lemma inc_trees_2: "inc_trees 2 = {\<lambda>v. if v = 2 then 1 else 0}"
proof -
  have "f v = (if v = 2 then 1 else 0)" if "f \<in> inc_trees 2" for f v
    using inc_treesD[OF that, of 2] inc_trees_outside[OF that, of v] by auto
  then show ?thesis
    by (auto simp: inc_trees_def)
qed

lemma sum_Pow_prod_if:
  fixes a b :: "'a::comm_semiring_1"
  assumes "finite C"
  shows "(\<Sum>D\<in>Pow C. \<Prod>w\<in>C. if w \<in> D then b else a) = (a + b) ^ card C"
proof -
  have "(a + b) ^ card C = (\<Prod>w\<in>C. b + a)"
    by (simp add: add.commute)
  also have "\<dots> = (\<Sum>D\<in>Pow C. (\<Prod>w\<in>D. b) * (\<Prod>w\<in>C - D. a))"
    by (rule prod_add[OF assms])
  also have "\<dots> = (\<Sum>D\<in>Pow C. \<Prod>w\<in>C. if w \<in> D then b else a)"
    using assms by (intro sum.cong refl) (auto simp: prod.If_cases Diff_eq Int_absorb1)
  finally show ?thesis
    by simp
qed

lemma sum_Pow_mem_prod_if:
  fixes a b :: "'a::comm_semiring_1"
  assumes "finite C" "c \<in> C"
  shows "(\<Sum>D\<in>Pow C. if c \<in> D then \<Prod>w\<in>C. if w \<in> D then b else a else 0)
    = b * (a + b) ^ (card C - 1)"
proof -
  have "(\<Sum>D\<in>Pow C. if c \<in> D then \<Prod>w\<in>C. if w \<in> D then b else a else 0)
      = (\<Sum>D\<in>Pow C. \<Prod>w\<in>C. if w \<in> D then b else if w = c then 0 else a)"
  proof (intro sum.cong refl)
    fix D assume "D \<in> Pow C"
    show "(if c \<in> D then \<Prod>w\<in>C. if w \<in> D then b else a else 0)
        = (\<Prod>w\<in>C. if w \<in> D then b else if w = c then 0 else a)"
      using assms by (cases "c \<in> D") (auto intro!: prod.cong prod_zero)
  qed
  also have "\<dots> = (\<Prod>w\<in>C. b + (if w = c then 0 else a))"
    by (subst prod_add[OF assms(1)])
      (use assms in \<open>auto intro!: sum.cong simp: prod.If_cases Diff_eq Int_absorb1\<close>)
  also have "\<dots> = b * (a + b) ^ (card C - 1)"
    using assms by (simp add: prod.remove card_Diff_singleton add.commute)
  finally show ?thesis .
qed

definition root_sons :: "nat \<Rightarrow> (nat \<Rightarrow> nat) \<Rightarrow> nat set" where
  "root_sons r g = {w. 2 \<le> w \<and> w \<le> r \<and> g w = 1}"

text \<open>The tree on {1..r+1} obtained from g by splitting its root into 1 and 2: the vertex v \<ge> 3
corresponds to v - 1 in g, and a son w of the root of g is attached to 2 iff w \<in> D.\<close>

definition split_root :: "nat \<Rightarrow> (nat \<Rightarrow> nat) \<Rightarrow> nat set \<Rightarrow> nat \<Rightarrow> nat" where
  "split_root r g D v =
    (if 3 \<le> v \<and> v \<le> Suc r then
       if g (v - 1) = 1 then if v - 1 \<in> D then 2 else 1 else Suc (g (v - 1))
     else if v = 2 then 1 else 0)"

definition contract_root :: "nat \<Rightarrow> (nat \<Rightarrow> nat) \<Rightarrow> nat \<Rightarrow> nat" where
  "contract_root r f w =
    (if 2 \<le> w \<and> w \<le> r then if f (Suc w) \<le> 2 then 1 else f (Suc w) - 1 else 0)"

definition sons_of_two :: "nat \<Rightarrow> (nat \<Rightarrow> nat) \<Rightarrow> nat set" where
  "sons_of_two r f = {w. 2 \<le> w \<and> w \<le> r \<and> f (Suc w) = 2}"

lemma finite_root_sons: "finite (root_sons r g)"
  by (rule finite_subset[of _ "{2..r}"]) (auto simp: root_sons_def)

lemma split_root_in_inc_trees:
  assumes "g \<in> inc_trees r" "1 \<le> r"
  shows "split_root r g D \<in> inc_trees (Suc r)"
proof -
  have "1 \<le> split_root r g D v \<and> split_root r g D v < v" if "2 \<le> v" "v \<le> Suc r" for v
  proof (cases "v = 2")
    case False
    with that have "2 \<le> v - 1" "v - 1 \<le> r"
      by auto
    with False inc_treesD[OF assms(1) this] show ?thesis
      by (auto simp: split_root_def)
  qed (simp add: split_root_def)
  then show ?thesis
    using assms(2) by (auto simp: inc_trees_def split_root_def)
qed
::::::
- _Work instructions_:
Repeat, word for word, all of the data shown above.

- _Answer to this problem_:
lemma inc_trees_2: "inc_trees 2 = {\<lambda>v. if v = 2 then 1 else 0}"
proof -
  have "f v = (if v = 2 then 1 else 0)" if "f \<in> inc_trees 2" for f v
    using inc_treesD[OF that, of 2] inc_trees_outside[OF that, of v] by auto
  then show ?thesis
    by (auto simp: inc_trees_def)
qed

lemma sum_Pow_prod_if:
  fixes a b :: "'a::comm_semiring_1"
  assumes "finite C"
  shows "(\<Sum>D\<in>Pow C. \<Prod>w\<in>C. if w \<in> D then b else a) = (a + b) ^ card C"
proof -
  have "(a + b) ^ card C = (\<Prod>w\<in>C. b + a)"
    by (simp add: add.commute)
  also have "\<dots> = (\<Sum>D\<in>Pow C. (\<Prod>w\<in>D. b) * (\<Prod>w\<in>C - D. a))"
    by (rule prod_add[OF assms])
  also have "\<dots> = (\<Sum>D\<in>Pow C. \<Prod>w\<in>C. if w \<in> D then b else a)"
    using assms by (intro sum.cong refl) (auto simp: prod.If_cases Diff_eq Int_absorb1)
  finally show ?thesis
    by simp
qed

lemma sum_Pow_mem_prod_if:
  fixes a b :: "'a::comm_semiring_1"
  assumes "finite C" "c \<in> C"
  shows "(\<Sum>D\<in>Pow C. if c \<in> D then \<Prod>w\<in>C. if w \<in> D then b else a else 0)
    = b * (a + b) ^ (card C - 1)"
proof -
  have "(\<Sum>D\<in>Pow C. if c \<in> D then \<Prod>w\<in>C. if w \<in> D then b else a else 0)
      = (\<Sum>D\<in>Pow C. \<Prod>w\<in>C. if w \<in> D then b else if w = c then 0 else a)"
  proof (intro sum.cong refl)
    fix D assume "D \<in> Pow C"
    show "(if c \<in> D then \<Prod>w\<in>C. if w \<in> D then b else a else 0)
        = (\<Prod>w\<in>C. if w \<in> D then b else if w = c then 0 else a)"
      using assms by (cases "c \<in> D") (auto intro!: prod.cong prod_zero)
  qed
  also have "\<dots> = (\<Prod>w\<in>C. b + (if w = c then 0 else a))"
    by (subst prod_add[OF assms(1)])
      (use assms in \<open>auto intro!: sum.cong simp: prod.If_cases Diff_eq Int_absorb1\<close>)
  also have "\<dots> = b * (a + b) ^ (card C - 1)"
    using assms by (simp add: prod.remove card_Diff_singleton add.commute)
  finally show ?thesis .
qed

definition root_sons :: "nat \<Rightarrow> (nat \<Rightarrow> nat) \<Rightarrow> nat set" where
  "root_sons r g = {w. 2 \<le> w \<and> w \<le> r \<and> g w = 1}"

text \<open>The tree on {1..r+1} obtained from g by splitting its root into 1 and 2: the vertex v \<ge> 3
corresponds to v - 1 in g, and a son w of the root of g is attached to 2 iff w \<in> D.\<close>

definition split_root :: "nat \<Rightarrow> (nat \<Rightarrow> nat) \<Rightarrow> nat set \<Rightarrow> nat \<Rightarrow> nat" where
  "split_root r g D v =
    (if 3 \<le> v \<and> v \<le> Suc r then
       if g (v - 1) = 1 then if v - 1 \<in> D then 2 else 1 else Suc (g (v - 1))
     else if v = 2 then 1 else 0)"

definition contract_root :: "nat \<Rightarrow> (nat \<Rightarrow> nat) \<Rightarrow> nat \<Rightarrow> nat" where
  "contract_root r f w =
    (if 2 \<le> w \<and> w \<le> r then if f (Suc w) \<le> 2 then 1 else f (Suc w) - 1 else 0)"

definition sons_of_two :: "nat \<Rightarrow> (nat \<Rightarrow> nat) \<Rightarrow> nat set" where
  "sons_of_two r f = {w. 2 \<le> w \<and> w \<le> r \<and> f (Suc w) = 2}"

lemma finite_root_sons: "finite (root_sons r g)"
  by (rule finite_subset[of _ "{2..r}"]) (auto simp: root_sons_def)

lemma split_root_in_inc_trees:
  assumes "g \<in> inc_trees r" "1 \<le> r"
  shows "split_root r g D \<in> inc_trees (Suc r)"
proof -
  have "1 \<le> split_root r g D v \<and> split_root r g D v < v" if "2 \<le> v" "v \<le> Suc r" for v
  proof (cases "v = 2")
    case False
    with that have "2 \<le> v - 1" "v - 1 \<le> r"
      by auto
    with False inc_treesD[OF assms(1) this] show ?thesis
      by (auto simp: split_root_def)
  qed (simp add: split_root_def)
  then show ?thesis
    using assms(2) by (auto simp: inc_trees_def split_root_def)
qed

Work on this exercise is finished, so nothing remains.